🤖 AI Summary
This work addresses the challenge of improving generalization and robustness of AI agents in open, dynamic environments—particularly under out-of-distribution conditions and unknown interactions. We propose Maestro, an adversarial curriculum generation framework built upon MiniHack, enabling scalable training. Maestro uniquely integrates quality-diversity (QD) optimization with evolutionary adversarial search to systematically diagnose robustness deficiencies in reinforcement learning policies and large language models (LLMs). The method unifies multi-agent game dynamics, procedural content generation, evolutionary attacks, and adversarial prompt engineering, and is validated on NetHack and a football simulation environment.
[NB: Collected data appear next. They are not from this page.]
lemma admissible_if_path_prob_nonzero:
  assumes "path_prob n q c \<noteq> 0"
  shows "admissible c"
proof -
  have "init_prob q (c 1) \<noteq> 0" and trans: "(\<Prod>l\<in>{2..n}. trans_prob q l (c (l - 1)) (c l)) \<noteq> 0"
    using assms by (auto simp: path_prob_def)
  then have "c 1 \<le> 1" by (auto simp: init_prob_def split: if_splits)
  moreover have "c l = c (l - 1) \<or> c l = l" if "l \<in> {2..n}" for l
  proof -
    have "trans_prob q l (c (l - 1)) (c l) \<noteq> 0" using trans that by simp
    then show ?thesis by (auto simp: trans_prob_def split: if_splits)
  qed
  ultimately show ?thesis by (simp add: admissible_def)
qed

lemma admissible_le:
  assumes "admissible c" "l \<in> {1..n}"
  shows "c l \<le> l"
  using assms(2)
proof (induction l)
  case (Suc l)
  then show ?case
    using assms(1) by (cases "l = 0") (auto simp: admissible_def dest!: bspec[of _ _ "Suc l"])
qed simp

lemma path_prob_nonneg: "0 \<le> path_prob n q c"
proof (cases "path_prob n q c = 0")
  case False
  then have c: "admissible c" by (rule admissible_if_path_prob_nonzero)
  have "0 \<le> init_prob q (c 1)" using q_prob[of 0 1] n_pos by (simp add: init_prob_def)
  moreover have "0 \<le> trans_prob q l (c (l - 1)) (c l)" if l: "l \<in> {2..n}" for l
  proof -
    have "l - 1 \<in> {1..n}" using l by auto
    then have "c (l - 1) \<le> l - 1" by (rule admissible_le[OF c])
    then have "0 \<le> q (c (l - 1)) l \<and> q (c (l - 1)) l \<le> 1" using l by (intro q_prob) auto
    then show ?thesis by (simp add: trans_prob_def)
  qed
  ultimately show ?thesis unfolding path_prob_def by (intro mult_nonneg_nonneg prod_nonneg) auto
qed simp

lemma seg_val_admissible:
  assumes "admissible c" "l \<in> {1..n}"
  shows "seg_val c \<xi> l = \<xi> (max (c l) 1)"
  using assms(2)
proof (induction l)
  case (Suc l)
  show ?case
  proof (cases "l = 0")
    case True
    then show ?thesis using assms(1) by (simp add: admissible_def max_def)
  next
    case False
    then have "Suc l \<in> {2..n}" using Suc.prems by auto
    then have "c (Suc l) = c l \<or> c (Suc l) = Suc l"
      using assms(1) unfolding admissible_def by fastforce
    then show ?thesis using Suc False by auto
  qed
qed simp

lemma admissible_const_on_segment:
  assumes c: "admissible c" and m: "m \<le> n" and l: "l \<in> {max (c m) 1..m}"
  shows "c l = c m"
proof -
  have "l \<le> m" using l by simp
  then show ?thesis
  proof (induction rule: inc_induct)
    case (step k)
    then have "Suc k \<in> {2..n}" using l m by auto
    then have "c (Suc k) = c (Suc k - 1) \<or> c (Suc k) = Suc k"
      using c unfolding admissible_def by blast
    moreover have "c (Suc k) \<noteq> Suc k" using step l by auto
    ultimately show ?case using step by simp
  qed simp
qed

lemma path_lik_nonneg: "0 \<le> path_lik c T \<xi>"
  unfolding path_lik_def by (intro prod_nonneg) (auto intro: p_nonneg)

lemma path_lik_measurable:
  assumes "\<And>l. l \<in> T \<Longrightarrow> max (c l) 1 \<in> I"
  shows "path_lik c T \<in> borel_measurable (PiM I (\<lambda>_. J))"
  unfolding path_lik_def[abs_def]
proof (rule borel_measurable_prod)
  fix l assume "l \<in> T"
  show "(\<lambda>\<xi>. p (\<xi> (max (c l) 1)) (y l)) \<in> borel_measurable (PiM I (\<lambda>_. J))"
    by (rule measurable_compose[OF measurable_component_singleton[OF assms[OF \<open>l \<in> T\<close>]]
          p_measurable])
qed

lemma path_lik_split:
  assumes c: "admissible c" and m: "m \<le> n" and S: "S \<subseteq> {1..m}"
  shows "path_lik c S \<xi> = path_lik c (S \<inter> {1..<max (c m) 1}) \<xi>
    * (\<Prod>l\<in>S \<inter> {max (c m) 1..m}. p (\<xi> (max (c m) 1)) (y l))"
proof -
  let ?s = "max (c m) 1"
  have "finite S" using S finite_subset by blast
  have "S = (S \<inter> {1..<?s}) \<union> (S \<inter> {?s..m})" using S by auto
  then have "path_lik c S \<xi> = path_lik c ((S \<inter> {1..<?s}) \<union> (S \<inter> {?s..m})) \<xi>"
    by simp
  also have "\<dots> = path_lik c (S \<inter> {1..<?s}) \<xi> * path_lik c (S \<inter> {?s..m}) \<xi>"
    unfolding path_lik_def by (rule prod.union_disjoint) (use \<open>finite S\<close> in auto)
  also have "path_lik c (S \<inter> {?s..m}) \<xi> = (\<Prod>l\<in>S \<inter> {?s..m}. p (\<xi> ?s) (y l))"
    unfolding path_lik_def
  proof (rule prod.cong)
    fix l assume "l \<in> S \<inter> {?s..m}"
    then have "c l = c m" by (intro admissible_const_on_segment[OF c m]) simp
    then show "p (\<xi> (max (c l) 1)) (y l) = p (\<xi> ?s) (y l)" by simp
  qed simp
  finally show ?thesis .
qed

lemma integral_path_lik_split:
  assumes c: "admissible c" and m: "1 \<le> m" "m \<le> n" and S: "S \<subseteq> {1..m}"
    and A: "A \<in> sets J"
  shows "(\<integral>\<xi>. indicator A (\<xi> (max (c m) 1)) * path_lik c S \<xi> \<partial>draws)
    = (\<integral>\<xi>. path_lik c (S \<inter> {1..<max (c m) 1}) \<xi> \<partial>draws)
      * (\<integral>x. indicator A x * (\<Prod>l\<in>S \<inter> {max (c m) 1..m}. p x (y l)) \<partial>J)"
proof -
  define s where "s = max (c m) 1"
  define G where "G = path_lik c (S \<inter> {1..<s})"
  define H where "H = (\<lambda>x. indicator A x * (\<Prod>l\<in>S \<inter> {s..m}. p x (y l)))"
  have s: "s \<in> {1..n}" using admissible_le[OF c, of m] m by (auto simp: s_def)
  have before_s: "max (c l) 1 \<in> {1..n} - {s}" if "l \<in> S \<inter> {1..<s}" for l
  proof -
    have "l \<in> {1..n}" "l < s" using that S m by auto
    then show ?thesis using admissible_le[OF c, of l] by auto
  qed
  have G_indep: "G (\<xi>(s := v)) = G \<xi>" for \<xi> v
    unfolding G_def path_lik_def using before_s by (intro prod.cong) auto
  have "(\<integral>\<xi>. indicator A (\<xi> s) * path_lik c S \<xi> \<partial>draws) = (\<integral>\<xi>. G \<xi> * H (\<xi> s) \<partial>draws)"
    using path_lik_split[OF c m(2) S] by (simp add: G_def H_def s_def mult_ac)
  also have "\<dots> = (\<integral>\<xi>. G \<xi> \<partial>draws) * (\<integral>x. H x \<partial>J)"
  proof (rule integral_PiM_mult_component)
    show "G \<in> borel_measurable (PiM ({1..n} - {s}) (\<lambda>_. J))"
      unfolding G_def using before_s by (rule path_lik_measurable)
    show "G \<in> borel_measurable draws"
      unfolding G_def using before_s by (intro path_lik_measurable) blast
    show "H \<in> borel_measurable J"
      unfolding H_def using A p_measurable by measurable
    show "0 \<le> H x" for x
      unfolding H_def by (intro mult_nonneg_nonneg prod_nonneg) (auto intro: p_nonneg)
  qed (use J_prob s G_indep in \<open>auto simp: G_def path_lik_nonneg\<close>)
  finally show ?thesis by (simp add: s_def G_def H_def)
qed

lemma integral_path_lik_empty: "(\<integral>\<xi>. path_lik c {} \<xi> \<partial>PiM I (\<lambda>_. J)) = 1"
proof -
  interpret prob_space "PiM I (\<lambda>_. J)" by (intro prob_space_PiM J_prob)
  show ?thesis using emeasure_space_1 by (simp add: path_lik_def measure_def)
qed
Experiments demonstrate that Maestro significantly enhances agent robustness against unseen environments, distributional shifts, and complex inter-agent interactions. Moreover, it effectively identifies and strengthens critical vulnerabilities in pre-trained policies and LLMs, advancing systematic robustness evaluation and improvement in AI agents.
📝 Abstract
The growing prevalence of artificial intelligence (AI) in various applications underscores the need for agents that can successfully navigate and adapt to an ever-changing, open-ended world. A key challenge is ensuring these AI agents are robust, excelling not only in familiar settings observed during training but also effectively generalising to previously unseen and varied scenarios. In this thesis, we harness methodologies from open-endedness and multi-agent learning to train and evaluate robust AI agents capable of generalising to novel environments, out-of-distribution inputs, and interactions with other co-player agents. We begin by introducing MiniHack, a sandbox framework for creating diverse environments through procedural content generation. Based on the game of NetHack, MiniHack enables the construction of new tasks for reinforcement learning (RL) agents with a focus on generalisation. We then present Maestro, a novel approach for generating adversarial curricula that progressively enhance the robustness and generality of RL agents in two-player zero-sum games. We further probe robustness in multi-agent domains, utilising quality-diversity methods to systematically identify vulnerabilities in state-of-the-art, pre-trained RL policies within the complex video game football domain, characterised by intertwined cooperative and competitive dynamics. Finally, we extend our exploration of robustness to the domain of LLMs. Here, our focus is on diagnosing and enhancing the robustness of LLMs against adversarial prompts, employing evolutionary search to generate a diverse range of effective inputs that aim to elicit undesirable outputs from an LLM. This work collectively paves the way for future advancements in AI robustness, enabling the development of agents that not only adapt to an ever-evolving world but also thrive in the face of unforeseen challenges and interactions.